Items listed in a dataset:
------------

(* Assume Case 4 holds with index $k$. Let $(A,B)=(n_{k-1},m_{k-1})$ and for $n\ge1$ put $(A_n,B_n)=(\gamma_n-(\gamma-A)d^{n-1},\ Bd^{n-1})$ and $(A_n^*,B_n^* )=\big((\delta^{n-1}+\delta^{n-2}B+\cdots+B^{n-1})A,\ B^n\big)$. (i) If $\delta<T_{k-1}$, then for every $n\ge1$, $(A_n,B_n)$ is the vertex of $N(Q^n)$ immediately preceding $(\gamma_n,d^n)$ (in order of increasing $x$-coordinate), the segment joining them has slope $-l_1^{-1}$, and $\delta^n$ is strictly smaller than the $y$-intercept of the line through these two points. (ii) If $\delta=T_{k-1}$, then for every $n\ge1$, $(A_n^*,B_n^* )$ is the vertex of $N(Q^n)$ immediately preceding $(\gamma_n,d^n)$, the segment joining them has slope $-l_1^{-1}$, and $\delta^n$ equals the $y$-intercept of the line through these two points.
   Context: Let $f(z,w)=(p(z),q(z,w))$ be a holomorphic skew product germ at the origin of $\mathbb{C}^2$ with $f(0,0)=(0,0)$, where $p(z)=a_\delta z^\delta+O(z^{\delta+1})$ with $a_\delta\neq0$ and integer $\delta\ge1$, and $q(z,w)=\sum_{i+j\ge1}b_{ij}z^iw^j$ is not identically zero. For $n\ge1$ write $f^n=(p^n,Q^n)$. The Newton polygon $N(g)$ of a nonzero germ $g=\sum g_{ij}z^iw^j$ is the convex hull of $\bigcup_{g_{ij}\neq0}\{(x,y):x\ge i,\ y\ge j\}$. Let $(n_1,m_1),\dots,(n_s,m_s)$ be the vertices of $N(q)$ with $n_1<\cdots<n_s$, $m_1>\cdots>m_s$; for $1\le k\le s-1$ let $T_k$ be the $y$-intercept of the line through $(n_k,m_k)$ and $(n_{k+1},m_{k+1})$. Case 4 means: $s>2$ and $T_k\le\delta\le T_{k-1}$ for some $2\le k\le s-1$; for this $k$ set $(\gamma,d)=(n_k,m_k)$, $l_1=\frac{n_k-n_{k-1}}{m_{k-1}-m_k}$ and $l_2$ defined by $l_1+l_2=\frac{n_{k+1}-n_k}{m_k-m_{k+1}}$. Define $\gamma_n=\gamma(\delta^{n-1}+\delta^{n-2}d+\cdots+d^{n-1})$. *)

theory Defs
  imports "HOL-Analysis.Analysis"
begin

text \<open>Bivariate power series (germs at the origin of C^2) are represented by their
  coefficient functions: g i j is the coefficient of z^i w^j.\<close>
type_synonym bser = "nat \<Rightarrow> nat \<Rightarrow> complex"

definition bmul :: "bser \<Rightarrow> bser \<Rightarrow> bser" where
  "bmul f g = (\<lambda>i j. \<Sum>a\<le>i. \<Sum>b\<le>j. f a b * g (i - a) (j - b))"

fun bpow :: "bser \<Rightarrow> nat \<Rightarrow> bser" where
  "bpow f 0 = (\<lambda>i j. if i = 0 \<and> j = 0 then 1 else 0)"
| "bpow f (Suc n) = bmul f (bpow f n)"

text \<open>Substitution g(P(z,w), R(z,w)) for series P, R without constant term:
  only the terms with a + b \<le> i + j can contribute to the coefficient of z^i w^j.\<close>
definition bsubst :: "bser \<Rightarrow> bser \<Rightarrow> bser \<Rightarrow> bser" where
  "bsubst g P R = (\<lambda>i j. \<Sum>a\<le>i + j. \<Sum>b\<le>i + j - a.
       g a b * bmul (bpow P a) (bpow R b) i j)"

definition zser :: "(nat \<Rightarrow> complex) \<Rightarrow> bser" where
  "zser p = (\<lambda>i j. if j = 0 then p i else 0)"

text \<open>Iterates f^n = (p^n, Q^n) of the skew product f = (p, q), with f^(n+1) = f o f^n.\<close>
fun skew_iter :: "(nat \<Rightarrow> complex) \<Rightarrow> bser \<Rightarrow> nat \<Rightarrow> bser \<times> bser" where
  "skew_iter p q 0 = ((\<lambda>i j. if i = 1 \<and> j = 0 then 1 else 0),
                      (\<lambda>i j. if i = 0 \<and> j = 1 then 1 else 0))"
| "skew_iter p q (Suc n) =
     (case skew_iter p q n of (P, R) \<Rightarrow> (bsubst (zser p) P R, bsubst q P R))"

definition conv_germ1 :: "(nat \<Rightarrow> complex) \<Rightarrow> bool" where
  "conv_germ1 p \<longleftrightarrow> (\<exists>r::real>0. \<forall>z::complex. norm z < r \<longrightarrow> summable (\<lambda>i. norm (p i * z ^ i)))"

definition conv_germ2 :: "bser \<Rightarrow> bool" where
  "conv_germ2 g \<longleftrightarrow> (\<exists>r::real>0. \<forall>z w::complex. norm z < r \<and> norm w < r \<longrightarrow>
      (\<lambda>(i, j). norm (g i j * z ^ i * w ^ j)) summable_on (UNIV :: (nat \<times> nat) set))"

definition newton_polygon :: "bser \<Rightarrow> (real \<times> real) set" where
  "newton_polygon g = convex hull
     (\<Union>{{(x, y). x \<ge> real i \<and> y \<ge> real j} | i j. g i j \<noteq> 0})"

definition y_intercept :: "real \<times> real \<Rightarrow> real \<times> real \<Rightarrow> real" where
  "y_intercept u v = snd u - (snd v - snd u) / (fst v - fst u) * fst u"

definition slope :: "real \<times> real \<Rightarrow> real \<times> real \<Rightarrow> real" where
  "slope u v = (snd v - snd u) / (fst v - fst u)"

definition preceding_vertex :: "(real \<times> real) set \<Rightarrow> real \<times> real \<Rightarrow> real \<times> real \<Rightarrow> bool" where
  "preceding_vertex S u v \<longleftrightarrow> u extreme_point_of S \<and> v extreme_point_of S \<and> fst u < fst v \<and>
     (\<forall>w. w extreme_point_of S \<longrightarrow> \<not> (fst u < fst w \<and> fst w < fst v))"

end

theory Submission
  imports Defs
begin
theorem lemma1:
  fixes M :: "nat \<Rightarrow> real^'n^'n" and p :: nat and tauD lam :: real
  assumes "\<forall>i\<in>{1..p}. hurwitz (M i)" and "tauD > 0" and "lam > 0"
  shows "\<exists>g0>0. \<forall>g\<ge>g0. \<exists>c>0. \<forall>\<sigma> (x :: real \<Rightarrow> real^'n).
           dwell_signal p tauD \<sigma> \<and> continuous_on {0..} x \<and>
           (\<forall>t\<ge>0. t \<notin> switch_times \<sigma> \<longrightarrow>
              (x has_vector_derivative (g *\<^sub>R (M (\<sigma> t) *v x t))) (at t within {0..}))
           \<longrightarrow> (\<forall>t\<ge>0. norm (x t) \<le> c * exp (- lam * t) * norm (x 0))"
proof -
  obtain c \<beta> where c: "c \<ge> 1" and \<beta>: "\<beta> > 0"
    and modes: "\<forall>i\<in>{1..p}. \<forall>g\<ge>0. ode_exp_decay (\<lambda>y. g *\<^sub>R (M i *v y)) c (g * \<beta>)"
    using hurwitz_family_uniform_exp_decay[OF finite_atLeastAtMost assms(1)] by blast
  define g0 where "g0 = (lam + ln c / tauD) / \<beta> + 1"
  have g0: "g0 > 0"
    using assms(2,3) c \<beta> unfolding g0_def by (intro add_nonneg_pos divide_nonneg_pos) auto
  have rate: "lam + ln c / tauD \<le> g * \<beta>" if "g \<ge> g0" for g
  proof -
    have "lam + ln c / tauD \<le> g0 * \<beta>" using \<beta> by (simp add: g0_def field_simps)
    also have "\<dots> \<le> g * \<beta>" using that \<beta> by (simp add: mult_right_mono)
    finally show ?thesis .
  qed
  have "norm (x t) \<le> c * exp (- lam * t) * norm (x 0)"
    if "g \<ge> g0" and "dwell_signal p tauD \<sigma>" and "continuous_on {0..} x"
      and "\<forall>t\<ge>0. t \<notin> switch_times \<sigma> \<longrightarrow>
        (x has_vector_derivative g *\<^sub>R (M (\<sigma> t) *v x t)) (at t within {0..})"
      and "0 \<le> t"
    for g \<sigma> and x :: "real \<Rightarrow> real^'n" and t
    using that modes g0
    by (intro dwell_time_switching_decay[where F = "\<lambda>i y. g *\<^sub>R (M i *v y)", OF _ _ _ _ c assms(2)
        rate]) auto
  then show ?thesis
    using g0 c by (intro exI[of _ g0]) (auto intro!: exI[of _ c])
qed

end
lemma is_cycle_consecutive:
  assumes "is_cycle adj cs" "Suc i < length cs"
  shows "adj (cs ! i) (cs ! Suc i)"
  using assms unfolding is_cycle_def by (metis Suc_lessD mod_less)

lemma inc_has_cycle_iff_is_cycle: "inc_has_cycle A \<longleftrightarrow> (\<exists>cs. is_cycle (inc_adj A) cs)"
proof
  assume "inc_has_cycle A"
  then obtain cs where len: "length cs \<ge> 3" "distinct cs"
    and step: "\<forall>i. Suc i < length cs \<longrightarrow> inc_adj A (cs ! i) (cs ! Suc i)"
    and close: "inc_adj A (last cs) (hd cs)" unfolding inc_has_cycle_def by blast
  have "inc_adj A (cs ! i) (cs ! (Suc i mod length cs))" if i: "i < length cs" for i
  proof (cases "Suc i < length cs")
    case True then show ?thesis using step by simp
  next
    case False
    then have "Suc i = length cs" using i by simp
    then have "i = length cs - 1" "Suc i mod length cs = 0" by auto
    moreover have "cs \<noteq> []" using len by auto
    ultimately show ?thesis using close by (simp add: last_conv_nth hd_conv_nth)
  qed
  then show "\<exists>cs. is_cycle (inc_adj A) cs" using len unfolding is_cycle_def by blast
next
  assume "\<exists>cs. is_cycle (inc_adj A) cs"
  then obtain cs where cy: "is_cycle (inc_adj A) cs" by blast
  then have len: "length cs \<ge> 3" "distinct cs"
    and step: "\<forall>i < length cs. inc_adj A (cs ! i) (cs ! (Suc i mod length cs))"
    unfolding is_cycle_def by auto
  have "Suc (length cs - 1) = length cs" using len by linarith
  then have "length cs - 1 < length cs" "Suc (length cs - 1) mod length cs = 0" by auto
  then have "inc_adj A (last cs) (hd cs)"
    using step len by (metis last_conv_nth hd_conv_nth list.size(3) not_numeral_le_zero)
  then show "inc_has_cycle A"
    using len is_cycle_consecutive[OF cy] unfolding inc_has_cycle_def by blast
qed

lemma is_cycle_rotate:
  assumes "is_cycle adj cs" shows "is_cycle adj (rotate k cs)"
proof -
  let ?n = "length cs"
  have len: "?n \<ge> 3" "distinct cs" and step: "\<forall>i < ?n. adj (cs ! i) (cs ! (Suc i mod ?n))"
    using assms unfolding is_cycle_def by auto
  have "adj (rotate k cs ! i) (rotate k cs ! (Suc i mod ?n))" if i: "i < ?n" for i
  proof -
    have "rotate k cs ! i = cs ! ((k + i) mod ?n)" using i by (simp add: nth_rotate)
    moreover have "rotate k cs ! (Suc i mod ?n) = cs ! ((k + Suc i mod ?n) mod ?n)"
      using is_cycle_Suc_mod_less[OF assms] by (simp add: nth_rotate)
    moreover have "(k + Suc i mod ?n) mod ?n = Suc ((k + i) mod ?n) mod ?n"
      by (metis add_Suc_right mod_Suc_eq mod_add_right_eq)
    moreover have "(k + i) mod ?n < ?n" using i by (intro mod_less_divisor) linarith
    ultimately show ?thesis using step by metis
  qed
  then show ?thesis using len unfolding is_cycle_def by simp
qed

lemma is_cycle_map:
  assumes "is_cycle adj cs" "inj_on h (set cs)"
    and "\<And>x y. x \<in> set cs \<Longrightarrow> y \<in> set cs \<Longrightarrow> adj x y \<Longrightarrow> adj' (h x) (h y)"
  shows "is_cycle adj' (map h cs)"
proof -
  have len: "length cs \<ge> 3" "distinct cs"
    and step: "\<forall>i < length cs. adj (cs ! i) (cs ! (Suc i mod length cs))"
    using assms(1) unfolding is_cycle_def by auto
  have "adj' (map h cs ! i) (map h cs ! (Suc i mod length cs))" if i: "i < length cs" for i
  proof -
    have "Suc i mod length cs < length cs" using assms(1) by (rule is_cycle_Suc_mod_less)
    then show ?thesis using assms(3) step i by (simp add: nth_mem)
  qed
  then show ?thesis using len assms(2) unfolding is_cycle_def by (simp add: distinct_map)
qed
(* Let $X$ and $Y$ be infinite dimensional Banach spaces that are essentially incomparable. Then no compact operator $S\in B(Y)$ is equivalent after extension to any operator $T\in B(X)$.
   Context: All Banach spaces are complex; $B(X,Y)$ denotes bounded linear operators; invertibility means bounded inverse; $X\oplus Y$ is the $\ell^2$-direct sum and $\mathrm{id}_X$ the identity. Operators $T\in B(X)$ and $S\in B(Y)$ are equivalent after extension if there exist Banach spaces $X'$, $Y'$ and invertible $E\in B(Y\oplus Y',X\oplus X')$, $F\in B(X\oplus X',Y\oplus Y')$ with $\begin{bmatrix}T&0\\0&\mathrm{id}_{X'}\end{bmatrix}=E\begin{bmatrix}S&0\\0&\mathrm{id}_{Y'}\end{bmatrix}F$. An operator $S\in B(X,Y)$ is inessential if $\mathrm{id}_X-TS$ is Fredholm for every $T\in B(Y,X)$; $\mathcal J(X,Y)$ denotes the set of inessential operators in $B(X,Y)$. The spaces $X$ and $Y$ are essentially incomparable if $B(X,Y)=\mathcal J(X,Y)$ (equivalently, $B(Y,X)=\mathcal J(Y,X)$). *)

theory Defs
  imports "HOL-Analysis.Analysis"
begin

class cbanach = banach +
  fixes cscale :: "complex \<Rightarrow> 'a \<Rightarrow> 'a"
  assumes cscale_add_right: "cscale a (x + y) = cscale a x + cscale a y"
    and cscale_add_left: "cscale (a + b) x = cscale a x + cscale b x"
    and cscale_cscale: "cscale a (cscale b x) = cscale (a * b) x"
    and cscale_one: "cscale 1 x = x"
    and cscale_of_real: "cscale (of_real r) x = r *\<^sub>R x"
    and norm_cscale: "norm (cscale a x) = cmod a * norm x"

text \<open>The l2-direct sum X (+) Y is the product type with norm
sqrt(norm x ^ 2 + norm y ^ 2) (library norm on products) and componentwise scaling.\<close>

instantiation prod :: (cbanach, cbanach) cbanach
begin
definition cscale_prod_def: "cscale a p = (cscale a (fst p), cscale a (snd p))"
instance
proof
  fix a b :: complex and x y :: "'a \<times> 'b" and r :: real
  show "cscale a (x + y) = cscale a x + cscale a y"
    by (simp add: cscale_prod_def cscale_add_right)
  show "cscale (a + b) x = cscale a x + cscale b x"
    by (simp add: cscale_prod_def cscale_add_left)
  show "cscale a (cscale b x) = cscale (a * b) x"
    by (simp add: cscale_prod_def cscale_cscale)
  show "cscale 1 x = x"
    by (simp add: cscale_prod_def cscale_one)
  show "cscale (of_real r) x = r *\<^sub>R x"
    by (cases x) (simp add: cscale_prod_def cscale_of_real)
  show "norm (cscale a x) = cmod a * norm x"
    by (simp add: cscale_prod_def norm_cscale norm_prod_def power_mult_distrib
        real_sqrt_mult flip: distrib_left)
qed
end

------------

TASK STATEMENT: Copy the lines of the data above exactly as written, beginning with the line containing "using assms unfolding is_cycle_def by auto" and ending with the line containing "using is_cycle_Suc_mod_less[OF assms]", and leave out all other lines.

TASK OUTPUT:
    using assms unfolding is_cycle_def by auto
  have "adj (rotate k cs ! i) (rotate k cs ! (Suc i mod ?n))" if i: "i < ?n" for i
  proof -
    have "rotate k cs ! i = cs ! ((k + i) mod ?n)" using i by (simp add: nth_rotate)
    moreover have "rotate k cs ! (Suc i mod ?n) = cs ! ((k + Suc i mod ?n) mod ?n)"
      using is_cycle_Suc_mod_less[OF assms] by (simp add: nth_rotate)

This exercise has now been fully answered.